> EXERCISE BRIEF: From the line that contains "proof (intro conjI ballI impI)" through the line that contains "by (simp add: set_mult_def)", output every line of the listing below exactly and leave out all the rest.
=-=-=-=-=
theorem corollary1:
  fixes \<sigma> n :: nat and nc :: "nat \<Rightarrow> nat" and M :: bmat
  assumes "n \<ge> 1"
    and "(\<Sum>c<\<sigma>. nc c) = n - 1"
    and "M \<in> mats_M \<sigma> n nc"
  shows "inj_on (rot n M) {..<n}
         \<and> (\<exists>!r. r < n \<and> rot n M r \<in> trie_matrix \<sigma> ` tries_U \<sigma> n nc)"
proof -
  define w where "w = (\<lambda>S :: nat set. int (card S) - 1)"
  define ws where "ws = map w (columns n M)"
  have "excess (columns n M) = -1"
    using assms sum_list_card_columns[OF assms(3)] by (simp add: excess_conv_sum_list_card)
  then have ws_sum: "sum_list ws = -1" and ws_len: "length ws = n"
    by (simp_all add: ws_def w_def excess_def)
  have in_image_iff: "rot n M r \<in> trie_matrix \<sigma> ` tries_U \<sigma> n nc
      \<longleftrightarrow> (\<forall>m<n. 0 \<le> sum_list (take m (rotate r ws)))" for r
  proof -
    have "rot n M r \<in> trie_matrix \<sigma> ` tries_U \<sigma> n nc \<longleftrightarrow> forest_code 1 (rotate r (columns n M))"
      using trie_matrix_image_iff_forest_code[OF rot_in_mats_M[OF assms(3)]]
      by (simp add: columns_rot)
    also have "\<dots> \<longleftrightarrow> (\<forall>m<n. 0 \<le> sum_list (take m (rotate r ws)))"
      unfolding forest_code_one_iff using ws_sum sum_list_rotate[of r ws]
      by (simp add: excess_def ws_def w_def rotate_map take_map)
    finally show ?thesis .
  qed
  have "\<exists>!r. r < n \<and> rot n M r \<in> trie_matrix \<sigma> ` tries_U \<sigma> n nc"
    using cycle_lemma[OF ws_sum] ws_len by (simp add: in_image_iff)
  moreover have "inj_on ((\<lambda>A. map w (columns n A)) \<circ> rot n M) {..<n}"
    using inj_on_rotate_if_sum_list_neg_one[OF ws_sum] ws_len
    by (simp add: comp_def columns_rot ws_def rotate_map)
  then have "inj_on (rot n M) {..<n}" by (rule inj_on_imageI2)
  ultimately show ?thesis by blast
qed

end
lemma group_tables_eq_Inter: "group_tables = (\<Inter>t. group_table_condition t)"
  unfolding set_eq_iff group_tables_iff group_table_condition_def by auto

lemma open_group_table_condition: "open (group_table_condition t)"
proof (rule open_fun_nat_if_finitely_determined)
  fix A assume A: "A \<in> group_table_condition t"
  obtain x y z where t: "t = (x, y, z)" by (cases t) auto
  obtain w where w: "A (w, x) = 0" "A (x, w) = 0"
    using A unfolding t group_table_condition_def by auto
  show "\<exists>K. finite K \<and> (\<forall>B. (\<forall>k\<in>K. B k = A k) \<longrightarrow> B \<in> group_table_condition t)"
    by (rule exI[of _ "{(x, y), (y, z), (A (x, y), z), (x, A (y, z)),
        (0, x), (x, 0), (w, x), (x, w)}"])
      (use A w in \<open>auto simp: t group_table_condition_def\<close>)
qed

lemma completely_metrizable_space_group_tables:
  "completely_metrizable_space (top_of_set group_tables)"
  unfolding group_tables_eq_Inter
  by (intro completely_metrizable_space_gdelta_in_alt[OF completely_metrizable_space_fun_nat]
      countable_intersection_of_open open_group_table_condition)

lemma second_countable_group_tables: "second_countable (top_of_set group_tables)"
  by (intro second_countable_subtopology second_countable_euclidean)

section \<open>Relabelling group tables\<close>

definition perms_fixing_zero :: "(nat \<Rightarrow> nat) set" where
  "perms_fixing_zero = {\<sigma>. bij \<sigma> \<and> \<sigma> 0 = 0}"

text \<open>\<open>inv_into UNIV\<close> is spelled out because HOL-Algebra takes over the notation \<open>inv\<close>.\<close>

definition permute_table :: "(nat \<Rightarrow> nat) \<Rightarrow> (nat \<times> nat \<Rightarrow> nat) \<Rightarrow> (nat \<times> nat \<Rightarrow> nat)" where
  "permute_table \<sigma> A = (\<lambda>(x, y). \<sigma> (A (inv_into UNIV \<sigma> x, inv_into UNIV \<sigma> y)))"

lemma permute_table_apply [simp]:
  "permute_table \<sigma> A (x, y) = \<sigma> (A (inv_into UNIV \<sigma> x, inv_into UNIV \<sigma> y))"
  by (simp add: permute_table_def)

lemma permute_table_id [simp]: "permute_table id A = A"
  by (simp add: permute_table_def inv_id)

lemma permute_table_comp:
  assumes "bij \<sigma>" "bij \<tau>"
  shows "permute_table (\<sigma> \<circ> \<tau>) A = permute_table \<sigma> (permute_table \<tau> A)"
  by (simp add: permute_table_def fun_eq_iff o_inv_distrib[OF assms])

lemma permute_table_inv_cancel:
  assumes "bij \<sigma>"
  shows "permute_table (inv_into UNIV \<sigma>) (permute_table \<sigma> A) = A"
    and "permute_table \<sigma> (permute_table (inv_into UNIV \<sigma>) A) = A"
proof -
  have "inv_into UNIV \<sigma> \<circ> \<sigma> = id" "\<sigma> \<circ> inv_into UNIV \<sigma> = id"
    using assms by (simp_all add: bij_is_inj inv_o_cancel bij_is_surj surj_iff[THEN iffD1])
  then show "permute_table (inv_into UNIV \<sigma>) (permute_table \<sigma> A) = A"
    and "permute_table \<sigma> (permute_table (inv_into UNIV \<sigma>) A) = A"
    using permute_table_comp[OF bij_imp_bij_inv[OF assms] assms, of A]
      permute_table_comp[OF assms bij_imp_bij_inv[OF assms], of A] by simp_all
qed

lemma perms_fixing_zero_inv:
  assumes "\<sigma> \<in> perms_fixing_zero"
  shows "inv_into UNIV \<sigma> \<in> perms_fixing_zero"
  using assms bij_imp_bij_inv inv_f_eq[of \<sigma> 0 0]
  by (auto simp: perms_fixing_zero_def bij_is_inj)

lemma perms_fixing_zero_comp:
  "\<sigma> \<in> perms_fixing_zero \<Longrightarrow> \<tau> \<in> perms_fixing_zero \<Longrightarrow> \<sigma> \<circ> \<tau> \<in> perms_fixing_zero"
  by (auto simp: perms_fixing_zero_def bij_comp)
(* Let $\nu\in\mathbb{N}$, let $(X,d)$ be a complete $\nu$-generalized metric space, and let $T:X\to X$ be sequentially continuous and asymptotically regular. For $\gamma>0$ define $m:X\times X\to[0,\infty)$ by $m(x,y)=d(x,y)+\gamma\bigl(d(x,Tx)+d(y,Ty)\bigr)$. Suppose $d(Tx,Ty)<m(x,y)$ for all $x,y\in X$ with $x\ne y$, and that for every $\epsilon>0$ there exist $\delta>0$ and $N\in\mathbb{Z}^+$ such that for all $x,y\in X$, $m(T^Nx,T^Ny)<\delta+\epsilon$ implies $d(T^{N+1}x,T^{N+1}y)\le\epsilon$. Then $T$ has a unique fixed point $z$, and for every $x\in X$ the Picard iterates $T^nx$ $(n\in\mathbb{N})$ converge to $z$ in the strong sense.
   Context: Let $X$ be a nonempty set, $d:X\times X\to[0,\infty)$, and $\nu\in\mathbb{N}$. $(X,d)$ is a $\nu$-generalized metric space if: (1) $d(x,y)=0$ iff $x=y$; (2) $d(x,y)=d(y,x)$ for all $x,y$; (3) $d(x,y)\le d(x,u_1)+d(u_1,u_2)+\dots+d(u_\nu,y)$ for every set $\{x,u_1,\dots,u_\nu,y\}$ of $\nu+2$ pairwise distinct elements of $X$. A sequence $\{x_n\}$ in $X$ is Cauchy if $\lim_{n\to\infty}\sup\{d(x_n,x_{n+1+m}): m\in\mathbb{Z}^+\}=0$ ($\mathbb{Z}^+$ the nonnegative integers). $\{x_n\}$ converges to $x$ if $d(x,x_n)\to0$; it converges to $x$ in the strong sense if it is Cauchy and converges to $x$. $X$ is complete if every Cauchy sequence in $X$ converges. $T$ is sequentially continuous if $\{Tx_n\}$ converges to $Tx$ whenever $\{x_n\}$ converges to $x$. $T$ is asymptotically regular if $d(T^nx,T^{n+1}x)+d(T^nx,T^{n+2}x)\to0$ for every $x\in X$. $T^0$ is the identity and $T^n$ the $n$-th iterate. *)

theory Defs
  imports "HOL-Analysis.Analysis"
begin

fun path_len :: "('a \<Rightarrow> 'a \<Rightarrow> real) \<Rightarrow> 'a list \<Rightarrow> real" where
  "path_len d (a # b # rest) = d a b + path_len d (b # rest)"
| "path_len d _ = 0"

definition gen_metric_space :: "nat \<Rightarrow> 'a set \<Rightarrow> ('a \<Rightarrow> 'a \<Rightarrow> real) \<Rightarrow> bool" where
  "gen_metric_space nu X d \<longleftrightarrow> X \<noteq> {} \<and>
     (\<forall>x\<in>X. \<forall>y\<in>X. d x y \<ge> 0) \<and>
     (\<forall>x\<in>X. \<forall>y\<in>X. d x y = 0 \<longleftrightarrow> x = y) \<and>
     (\<forall>x\<in>X. \<forall>y\<in>X. d x y = d y x) \<and>
     (\<forall>x\<in>X. \<forall>y\<in>X. \<forall>us. length us = nu \<and> set us \<subseteq> X \<and> distinct (x # us @ [y])
        \<longrightarrow> d x y \<le> path_len d (x # us @ [y]))"

definition gm_Cauchy :: "('a \<Rightarrow> 'a \<Rightarrow> real) \<Rightarrow> (nat \<Rightarrow> 'a) \<Rightarrow> bool" where
  "gm_Cauchy d x \<longleftrightarrow> (\<forall>e>0. \<exists>N. \<forall>n\<ge>N. \<forall>m. d (x n) (x (n + 1 + m)) \<le> e)"

definition gm_converges :: "('a \<Rightarrow> 'a \<Rightarrow> real) \<Rightarrow> (nat \<Rightarrow> 'a) \<Rightarrow> 'a \<Rightarrow> bool" where
  "gm_converges d x z \<longleftrightarrow> (\<lambda>n. d z (x n)) \<longlonglongrightarrow> 0"

definition gm_converges_strong :: "('a \<Rightarrow> 'a \<Rightarrow> real) \<Rightarrow> (nat \<Rightarrow> 'a) \<Rightarrow> 'a \<Rightarrow> bool" where
  "gm_converges_strong d x z \<longleftrightarrow> gm_Cauchy d x \<and> gm_converges d x z"

definition gm_complete :: "'a set \<Rightarrow> ('a \<Rightarrow> 'a \<Rightarrow> real) \<Rightarrow> bool" where
  "gm_complete X d \<longleftrightarrow> (\<forall>x. (\<forall>n. x n \<in> X) \<and> gm_Cauchy d x \<longrightarrow> (\<exists>z\<in>X. gm_converges d x z))"

definition gm_seq_continuous :: "'a set \<Rightarrow> ('a \<Rightarrow> 'a \<Rightarrow> real) \<Rightarrow> ('a \<Rightarrow> 'a) \<Rightarrow> bool" where
  "gm_seq_continuous X d T \<longleftrightarrow> (\<forall>x z. (\<forall>n. x n \<in> X) \<and> z \<in> X \<and> gm_converges d x z
      \<longrightarrow> gm_converges d (\<lambda>n. T (x n)) (T z))"

definition gm_asymp_regular :: "'a set \<Rightarrow> ('a \<Rightarrow> 'a \<Rightarrow> real) \<Rightarrow> ('a \<Rightarrow> 'a) \<Rightarrow> bool" where
  "gm_asymp_regular X d T \<longleftrightarrow> (\<forall>x\<in>X.
      (\<lambda>n. d ((T ^^ n) x) ((T ^^ Suc n) x) + d ((T ^^ n) x) ((T ^^ Suc (Suc n)) x)) \<longlonglongrightarrow> 0)"

end

theory Submission
  imports Defs
begin
(* Let $G$ be a group. Suppose $G$ has a $k$-paradoxical decomposition with translating sets $S_1,\ldots,S_k$ and an $l$-paradoxical decomposition with translating sets $T_1,\ldots,T_l$. Then $G$ has a $kl$-paradoxical decomposition with translating sets $\{S_iT_j: 1\le i\le k,\ 1\le j\le l\}$.
   Context: For $k\geq2$, $G$ admits a $k$-paradoxical decomposition with translating sets $S_1=\{g_{1,1},\ldots,g_{1,n_1}\},\ldots,S_k=\{g_{k,1},\ldots,g_{k,n_k}\}$ (finite subsets of $G$) if there are pairwise disjoint subsets $P_{i,j}$ ($1\le i\le k$, $1\le j\le n_i$) of $G$ such that $G=\bigcup_{j=1}^{n_i}P_{i,j}g_{i,j}$ for each $i$. $S_iT_j=\{st: s\in S_i, t\in T_j\}$. *)

theory Defs
  imports "HOL-Algebra.Coset"
begin

text \<open>A k-paradoxical decomposition is the case card I = k.\<close>

definition paradoxical_decomposition ::
  "('a, 'b) monoid_scheme \<Rightarrow> 'i set \<Rightarrow> ('i \<Rightarrow> 'a set) \<Rightarrow> ('i \<Rightarrow> 'a \<Rightarrow> 'a set) \<Rightarrow> bool"
where
  "paradoxical_decomposition G I S P \<longleftrightarrow>
     (\<forall>i\<in>I. finite (S i) \<and> S i \<subseteq> carrier G) \<and>
     (\<forall>i\<in>I. \<forall>g\<in>S i. P i g \<subseteq> carrier G) \<and>
     (\<forall>i\<in>I. \<forall>g\<in>S i. \<forall>i'\<in>I. \<forall>g'\<in>S i'. (i, g) \<noteq> (i', g') \<longrightarrow> P i g \<inter> P i' g' = {}) \<and>
     (\<forall>i\<in>I. carrier G = (\<Union>g\<in>S i. P i g #>\<^bsub>G\<^esub> g))"

definition has_paradoxical_decomposition ::
  "('a, 'b) monoid_scheme \<Rightarrow> 'i set \<Rightarrow> ('i \<Rightarrow> 'a set) \<Rightarrow> bool"
where
  "has_paradoxical_decomposition G I S \<longleftrightarrow>
     finite I \<and> card I \<ge> 2 \<and> (\<exists>P. paradoxical_decomposition G I S P)"

end

theory Submission
  imports Defs
begin

text \<open>Refine the pieces of the two decompositions: x lies in the piece of (i, j) at s t
  exactly when x is in the piece P i s and its translate x s is in the piece Q j t.
  Covering: any y is q t with q \<in> Q j t, and q is x s with x \<in> P i s, so y = x (s t).
  Disjointness: x determines (i, s) through the P-pieces, and then x s determines (j, t)
  through the Q-pieces.\<close>

definition product_pieces ::
  "('a, 'b) monoid_scheme \<Rightarrow> ('i \<Rightarrow> 'a set) \<Rightarrow> ('i \<Rightarrow> 'a \<Rightarrow> 'a set) \<Rightarrow>
   ('j \<Rightarrow> 'a set) \<Rightarrow> ('j \<Rightarrow> 'a \<Rightarrow> 'a set) \<Rightarrow> 'i \<times> 'j \<Rightarrow> 'a \<Rightarrow> 'a set"
where
  "product_pieces G S P T Q = (\<lambda>(i, j) g.
     {x. \<exists>s\<in>S i. \<exists>t\<in>T j. g = s \<otimes>\<^bsub>G\<^esub> t \<and> x \<in> P i s \<and> x \<otimes>\<^bsub>G\<^esub> s \<in> Q j t})"

lemma mem_product_pieces:
  "x \<in> product_pieces G S P T Q (i, j) g \<longleftrightarrow>
     (\<exists>s\<in>S i. \<exists>t\<in>T j. g = s \<otimes>\<^bsub>G\<^esub> t \<and> x \<in> P i s \<and> x \<otimes>\<^bsub>G\<^esub> s \<in> Q j t)"
  by (simp add: product_pieces_def)

lemma paradoxical_decompositionD:
  assumes "paradoxical_decomposition G I S P" and "i \<in> I"
  shows "finite (S i)" "S i \<subseteq> carrier G" "\<And>g. g \<in> S i \<Longrightarrow> P i g \<subseteq> carrier G"
    "carrier G = (\<Union>g\<in>S i. P i g #>\<^bsub>G\<^esub> g)"
  using assms unfolding paradoxical_decomposition_def by blast+

lemma product_pieces_subset_carrier:
  assumes "paradoxical_decomposition G I S P" and "i \<in> I"
  shows "product_pieces G S P T Q (i, j) g \<subseteq> carrier G"
  using assms unfolding paradoxical_decomposition_def product_pieces_def by fastforce

lemma product_pieces_disjoint:
  assumes P: "paradoxical_decomposition G I S P" and Q: "paradoxical_decomposition G J T Q"
    and "i \<in> I" "j \<in> J" "i' \<in> I" "j' \<in> J" and "((i, j), g) \<noteq> ((i', j'), g')"
  shows "product_pieces G S P T Q (i, j) g \<inter> product_pieces G S P T Q (i', j') g' = {}"
proof (rule ccontr)
  assume "product_pieces G S P T Q (i, j) g \<inter> product_pieces G S P T Q (i', j') g' \<noteq> {}"
  then obtain x where "x \<in> product_pieces G S P T Q (i, j) g" "x \<in> product_pieces G S P T Q (i', j') g'"
    by blast
  then obtain s t s' t' where
    "s \<in> S i" "t \<in> T j" "g = s \<otimes>\<^bsub>G\<^esub> t" "x \<in> P i s" "x \<otimes>\<^bsub>G\<^esub> s \<in> Q j t" and
    "s' \<in> S i'" "t' \<in> T j'" "g' = s' \<otimes>\<^bsub>G\<^esub> t'" "x \<in> P i' s'" "x \<otimes>\<^bsub>G\<^esub> s' \<in> Q j' t'"
    unfolding mem_product_pieces by blast
  moreover from calculation have "(i, s) = (i', s')"
    using P \<open>i \<in> I\<close> \<open>i' \<in> I\<close> unfolding paradoxical_decomposition_def by blast
  moreover from calculation have "(j, t) = (j', t')"
    using Q \<open>j \<in> J\<close> \<open>j' \<in> J\<close> unfolding paradoxical_decomposition_def by blast
  ultimately show False
    using \<open>((i, j), g) \<noteq> ((i', j'), g')\<close> by auto
qed

context monoid
begin

lemma product_pieces_cover:
  assumes P: "paradoxical_decomposition G I S P" and Q: "paradoxical_decomposition G J T Q"
    and "i \<in> I" "j \<in> J"
  shows "carrier G = (\<Union>g\<in>S i <#> T j. product_pieces G S P T Q (i, j) g #> g)"
proof
  show "(\<Union>g\<in>S i <#> T j. product_pieces G S P T Q (i, j) g #> g) \<subseteq> carrier G"
    using paradoxical_decompositionD(2)[OF P \<open>i \<in> I\<close>] paradoxical_decompositionD(2)[OF Q \<open>j \<in> J\<close>]
      product_pieces_subset_carrier[OF P \<open>i \<in> I\<close>, of T Q j]
    by (fastforce simp: r_coset_def set_mult_def)
next
  show "carrier G \<subseteq> (\<Union>g\<in>S i <#> T j. product_pieces G S P T Q (i, j) g #> g)"
  proof
    fix y assume "y \<in> carrier G"
    then obtain t q where t: "t \<in> T j" "q \<in> Q j t" "y = q \<otimes> t"
      using paradoxical_decompositionD(4)[OF Q \<open>j \<in> J\<close>] unfolding r_coset_def by blast
    then have "q \<in> carrier G"
      using paradoxical_decompositionD(3)[OF Q \<open>j \<in> J\<close>] by blast
    then obtain s x where s: "s \<in> S i" "x \<in> P i s" "q = x \<otimes> s"
      using paradoxical_decompositionD(4)[OF P \<open>i \<in> I\<close>] unfolding r_coset_def by blast
    have "x \<in> carrier G" "s \<in> carrier G" "t \<in> carrier G"
      using paradoxical_decompositionD(2,3)[OF P \<open>i \<in> I\<close>] paradoxical_decompositionD(2)[OF Q \<open>j \<in> J\<close>]
        s t by blast+
    then have "y = x \<otimes> (s \<otimes> t)"
      using s t by (simp add: m_assoc)
    moreover have "x \<in> product_pieces G S P T Q (i, j) (s \<otimes> t)"
      using s t unfolding mem_product_pieces by blast
    moreover have "s \<otimes> t \<in> S i <#> T j"
      using s t unfolding set_mult_def by blast
    ultimately show "y \<in> (\<Union>g\<in>S i <#> T j. product_pieces G S P T Q (i, j) g #> g)"
      unfolding r_coset_def by blast
  qed
qed

lemma paradoxical_decomposition_product:
  assumes P: "paradoxical_decomposition G I S P" and Q: "paradoxical_decomposition G J T Q"
  shows "paradoxical_decomposition G (I \<times> J) (\<lambda>(i, j). S i <#> T j) (product_pieces G S P T Q)"
  unfolding paradoxical_decomposition_def split_paired_Ball_Sigma prod.case
proof (intro conjI ballI impI)
  show "finite (S i <#> T j)" if "i \<in> I" "j \<in> J" for i j
    using paradoxical_decompositionD(1)[OF P \<open>i \<in> I\<close>] paradoxical_decompositionD(1)[OF Q \<open>j \<in> J\<close>]
    by (simp add: set_mult_def)
  show "S i <#> T j \<subseteq> carrier G" if "i \<in> I" "j \<in> J" for i j
    using paradoxical_decompositionD(2)[OF P \<open>i \<in> I\<close>] paradoxical_decompositionD(2)[OF Q \<open>j \<in> J\<close>]
    by (rule set_mult_closed)
  show "product_pieces G S P T Q (i, j) g \<subseteq> carrier G" if "i \<in> I" for i j g
    using P that by (rule product_pieces_subset_carrier)
  show "product_pieces G S P T Q (i, j) g \<inter> product_pieces G S P T Q (i', j') g' = {}"
    if "i \<in> I" "j \<in> J" "i' \<in> I" "j' \<in> J" "((i, j), g) \<noteq> ((i', j'), g')" for i j g i' j' g'
    using P Q that by (rule product_pieces_disjoint)
  show "carrier G = (\<Union>g\<in>S i <#> T j. product_pieces G S P T Q (i, j) g #> g)"
    if "i \<in> I" "j \<in> J" for i j
    using P Q that by (rule product_pieces_cover)
qed

lemma has_paradoxical_decomposition_product:
  assumes "has_paradoxical_decomposition G I S" and "has_paradoxical_decomposition G J T"
  shows "has_paradoxical_decomposition G (I \<times> J) (\<lambda>(i, j). S i <#> T j)"
proof -
  have "2 * 1 \<le> card I * card J"
    using assms unfolding has_paradoxical_decomposition_def by (intro mult_mono) auto
  then have "card (I \<times> J) \<ge> 2"
    by (simp add: card_cartesian_product)
  then show ?thesis
    using assms paradoxical_decomposition_product
    unfolding has_paradoxical_decomposition_def by blast
qed

end

theorem lemma3p3:
  fixes G (structure) and k l :: nat
    and S T :: "nat \<Rightarrow> 'a set"
  assumes "group G"
    and "has_paradoxical_decomposition G {1..k} S"
    and "has_paradoxical_decomposition G {1..l} T"
  shows "has_paradoxical_decomposition G ({1..k} \<times> {1..l}) (\<lambda>(i, j). S i <#> T j)"
  using monoid.has_paradoxical_decomposition_product[OF group.is_monoid] assms .

end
=-=-=-=-=
> FINISHED TASK:
proof (intro conjI ballI impI)
  show "finite (S i <#> T j)" if "i \<in> I" "j \<in> J" for i j
    using paradoxical_decompositionD(1)[OF P \<open>i \<in> I\<close>] paradoxical_decompositionD(1)[OF Q \<open>j \<in> J\<close>]
    by (simp add: set_mult_def)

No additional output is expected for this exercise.